WHAT YOU SHOULD DO |
Using the records that follow, copy every line containing the word "with".

Stored data entries:
____
text \<open>Write \<open>E\<^sub>i\<close>, \<open>W\<^sub>i\<close> for the reconstructed values \<open>\<rho>\<^sub>i\<^sup>E\<close>, \<open>\<rho>\<^sub>i\<^sup>W\<close> and
  \<open>c = \<Delta>t/\<Delta>x\<close>. Since \<open>\<rho>\<^sub>i = (E\<^sub>i + W\<^sub>i)/2\<close>, the update splits as
  \<open>(E\<^sub>i/2 - c F\<^sub>i\<^sub>+\<^sub>\<onehalf>) + (W\<^sub>i/2 + c F\<^sub>i\<^sub>-\<^sub>\<onehalf>)\<close>, and it suffices that each half
  lies in \<open>[0, \<alpha>/2]\<close>. The minmod limiter with \<open>\<theta> = 2\<close> keeps \<open>E\<^sub>i\<close> and \<open>W\<^sub>i\<close> between
  neighbouring cell values, hence in \<open>[0, \<alpha>]\<close>. The CFL condition then bounds each upwind flux:
  \<open>\<Gamma> \<le> 1/\<psi>(0)\<close> limits the outflow by the mass present in the half cell, and \<open>\<Gamma> \<le> \<gamma>\<close> limits
  the inflow by the free capacity \<open>\<alpha> - \<rho>\<close> of the receiving half cell.\<close>

lemma minmod3_commute: "minmod3 a b c = minmod3 c b a"
  unfolding minmod3_def by auto

lemma minmod3_between_zero: "min 0 a \<le> minmod3 a b c \<and> minmod3 a b c \<le> max 0 a"
  unfolding minmod3_def by auto

lemma mult_between_zero:
  fixes k m a :: real
  assumes "k > 0" and "min 0 a \<le> m" and "m \<le> max 0 a"
  shows "min 0 (k * a) \<le> k * m \<and> k * m \<le> max 0 (k * a)"
  using assms
  by (cases "a \<ge> 0") (auto simp: min_def max_def mult_left_mono mult_le_0_iff zero_le_mult_iff)

lemma rhoE_between:
  assumes "dx > 0"
  shows "min (rho i) (rho (i+1)) \<le> rhoE dx rho i \<and> rhoE dx rho i \<le> max (rho i) (rho (i+1))"
proof -
  have "min 0 (dx/2 * (theta * (rho (i+1) - rho i) / dx)) \<le> dx/2 * slope dx rho i
      \<and> dx/2 * slope dx rho i \<le> max 0 (dx/2 * (theta * (rho (i+1) - rho i) / dx))"
    unfolding slope_def using assms
    by (intro mult_between_zero minmod3_between_zero[THEN conjunct1] minmod3_between_zero[THEN conjunct2]) auto
  then show ?thesis
    using assms unfolding rhoE_def theta_def by (auto simp: min_def max_def split: if_splits)
qed

lemma rhoW_between:
  assumes "dx > 0"
  shows "min (rho (i-1)) (rho i) \<le> rhoW dx rho i \<and> rhoW dx rho i \<le> max (rho (i-1)) (rho i)"
proof -
  have "min 0 (dx/2 * (theta * (rho i - rho (i-1)) / dx)) \<le> dx/2 * slope dx rho i
      \<and> dx/2 * slope dx rho i \<le> max 0 (dx/2 * (theta * (rho i - rho (i-1)) / dx))"
    unfolding slope_def minmod3_commute[of "theta * (rho (i+1) - rho i) / dx"] using assms
    by (intro mult_between_zero minmod3_between_zero[THEN conjunct1] minmod3_between_zero[THEN conjunct2]) auto
  then show ?thesis
    using assms unfolding rhoW_def theta_def by (auto simp: min_def max_def split: if_splits)
qed

lemma saturation_psi_nonneg:
  assumes "saturation psi alpha" and "0 \<le> s" and "s \<le> alpha"
  shows "0 \<le> psi s"
proof (cases "s = alpha")
  case False
  with assms have "(alpha - s) * psi s > 0" and "alpha - s > 0"
    unfolding saturation_def by auto
  then show ?thesis by (simp add: zero_less_mult_iff)
qed (use assms in \<open>simp add: saturation_def\<close>)

lemma saturation_psi_le_psi0:
  assumes "saturation psi alpha" and "0 \<le> s"
  shows "psi s \<le> psi 0"
  using assms unfolding saturation_def by auto

lemma saturation_psi0_pos:
  assumes "saturation psi alpha"
  shows "psi 0 > 0"
proof -
  have "alpha > 0" and "(alpha - 0) * psi 0 > 0"
    using assms unfolding saturation_def by auto
  then show ?thesis by (simp add: zero_less_mult_iff)
qed

lemma gamma_sat_le:
  assumes sat: "saturation psi alpha" and s: "s \<in> {0<..<alpha}"
  shows "gamma_sat psi alpha \<le> (alpha - s) / (alpha * psi s)"
proof -
  have "bdd_below ((\<lambda>s. (alpha - s) / (alpha * psi s)) ` {0<..<alpha})"
  proof (rule bdd_belowI)
    fix y assume "y \<in> (\<lambda>s. (alpha - s) / (alpha * psi s)) ` {0<..<alpha}"
    then obtain t where "t \<in> {0<..<alpha}" and "y = (alpha - t) / (alpha * psi t)" by auto
    then show "0 \<le> y" using saturation_psi_nonneg[OF sat, of t] by simp
  qed
  then show ?thesis unfolding gamma_sat_def using s by (intro cInf_lower) auto
qed

lemma Gamma_sat_mult_psi_le_one:
  assumes sat: "saturation psi alpha" and "0 \<le> lam" and "lam \<le> Gamma_sat psi alpha"
    and "0 \<le> s"
  shows "lam * psi s \<le> 1"
proof -
  have "lam * psi s \<le> lam * psi 0"
    using assms saturation_psi_le_psi0[OF sat] by (simp add: mult_left_mono)
  also have "\<dots> \<le> 1"
    using assms saturation_psi0_pos[OF sat] unfolding Gamma_sat_def by (simp add: pos_le_divide_eq)
  finally show ?thesis .
qed

lemma Gamma_sat_mult_psi_le_gap:
  assumes sat: "saturation psi alpha" and lam: "0 \<le> lam" "lam \<le> Gamma_sat psi alpha"
    and s: "0 \<le> s" "s \<le> alpha"
  shows "lam * alpha * psi s \<le> alpha - s"
proof -
  have alpha: "alpha > 0" using sat unfolding saturation_def by simp
  consider "s = 0" | "s = alpha" | "s \<in> {0<..<alpha}" using s by fastforce
  then show ?thesis
  proof cases
    case 1
    then show ?thesis
      using Gamma_sat_mult_psi_le_one[OF sat lam, of 0] alpha
      by (simp add: mult.commute mult_left_le)
  next
    case 2
    then show ?thesis using sat unfolding saturation_def by simp
  next
    case 3
    then have "(alpha - s) * psi s > 0" and "alpha - s > 0"
      using sat unfolding saturation_def by auto
    then have "psi s > 0" by (simp add: zero_less_mult_iff)
    moreover have "lam \<le> (alpha - s) / (alpha * psi s)"
      using lam gamma_sat_le[OF sat 3] unfolding Gamma_sat_def by simp
    ultimately show ?thesis using alpha by (simp add: pos_le_divide_eq mult.assoc)
  qed
qed

lemma upwind_flux_bounds_nonneg_velocity:
  assumes sat: "saturation psi alpha" and a: "0 \<le> a" "a \<le> alpha" and b: "0 \<le> b" "b \<le> alpha"
    and c: "0 \<le> c" and v: "0 \<le> v" and cfl: "2 * c * v \<le> Gamma_sat psi alpha"
  shows "0 \<le> c * (a * psi b * v)" and "2 * (c * (a * psi b * v)) \<le> a"
    and "2 * (c * (a * psi b * v)) \<le> alpha - b"
proof -
  define lam where "lam = 2 * c * v"
  have lam: "0 \<le> lam" "lam \<le> Gamma_sat psi alpha" unfolding lam_def using c v cfl by auto
  have psi_b: "0 \<le> psi b" using saturation_psi_nonneg[OF sat b] .
  have eq: "2 * (c * (a * psi b * v)) = a * (lam * psi b)" unfolding lam_def by simp
  show "0 \<le> c * (a * psi b * v)" using a c v psi_b by simp
  have "a * (lam * psi b) \<le> a * 1"
    using Gamma_sat_mult_psi_le_one[OF sat lam b(1)] a by (intro mult_left_mono) auto
  then show "2 * (c * (a * psi b * v)) \<le> a" using eq by linarith
  have "a * (lam * psi b) \<le> alpha * (lam * psi b)"
    using a lam psi_b by (intro mult_right_mono) auto
  also have "\<dots> \<le> alpha - b" using Gamma_sat_mult_psi_le_gap[OF sat lam b] by (simp add: ac_simps)
  finally show "2 * (c * (a * psi b * v)) \<le> alpha - b" using eq by linarith
qed

lemma upwind_flux_bounds:
  assumes sat: "saturation psi alpha" and a: "0 \<le> a" "a \<le> alpha" and b: "0 \<le> b" "b \<le> alpha"
    and c: "0 \<le> c" and cfl: "2 * c * \<bar>v\<bar> \<le> Gamma_sat psi alpha"
  defines "F \<equiv> a * psi b * max v 0 + b * psi a * min v 0"
  shows "2 * (c * F) \<le> a" and "2 * (c * F) \<le> alpha - b"
    and "- (2 * (c * F)) \<le> b" and "- (2 * (c * F)) \<le> alpha - a"
proof -
  have "2 * (c * F) \<le> a \<and> 2 * (c * F) \<le> alpha - b \<and> - (2 * (c * F)) \<le> b \<and> - (2 * (c * F)) \<le> alpha - a"
  proof (cases "v \<ge> 0")
    case True
    then have "F = a * psi b * v" unfolding F_def by simp
    with upwind_flux_bounds_nonneg_velocity[OF sat a b c True] cfl True a b show ?thesis by auto
  next
    case False
    then have "c * F = - (c * (b * psi a * (- v)))" unfolding F_def by simp
    with upwind_flux_bounds_nonneg_velocity[OF sat b a c, of "- v"] cfl False a b show ?thesis by auto
  qed
  then show "2 * (c * F) \<le> a" and "2 * (c * F) \<le> alpha - b"
    and "- (2 * (c * F)) \<le> b" and "- (2 * (c * F)) \<le> alpha - a" by auto
qed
____
EXPECTED OUTPUT |
  lies in \<open>[0, \<alpha>/2]\<close>. The minmod limiter with \<open>\<theta> = 2\<close> keeps \<open>E\<^sub>i\<close> and \<open>W\<^sub>i\<close> between
  with assms have "(alpha - s) * psi s > 0" and "alpha - s > 0"
    with upwind_flux_bounds_nonneg_velocity[OF sat a b c True] cfl True a b show ?thesis by auto
    with upwind_flux_bounds_nonneg_velocity[OF sat b a c, of "- v"] cfl False a b show ?thesis by auto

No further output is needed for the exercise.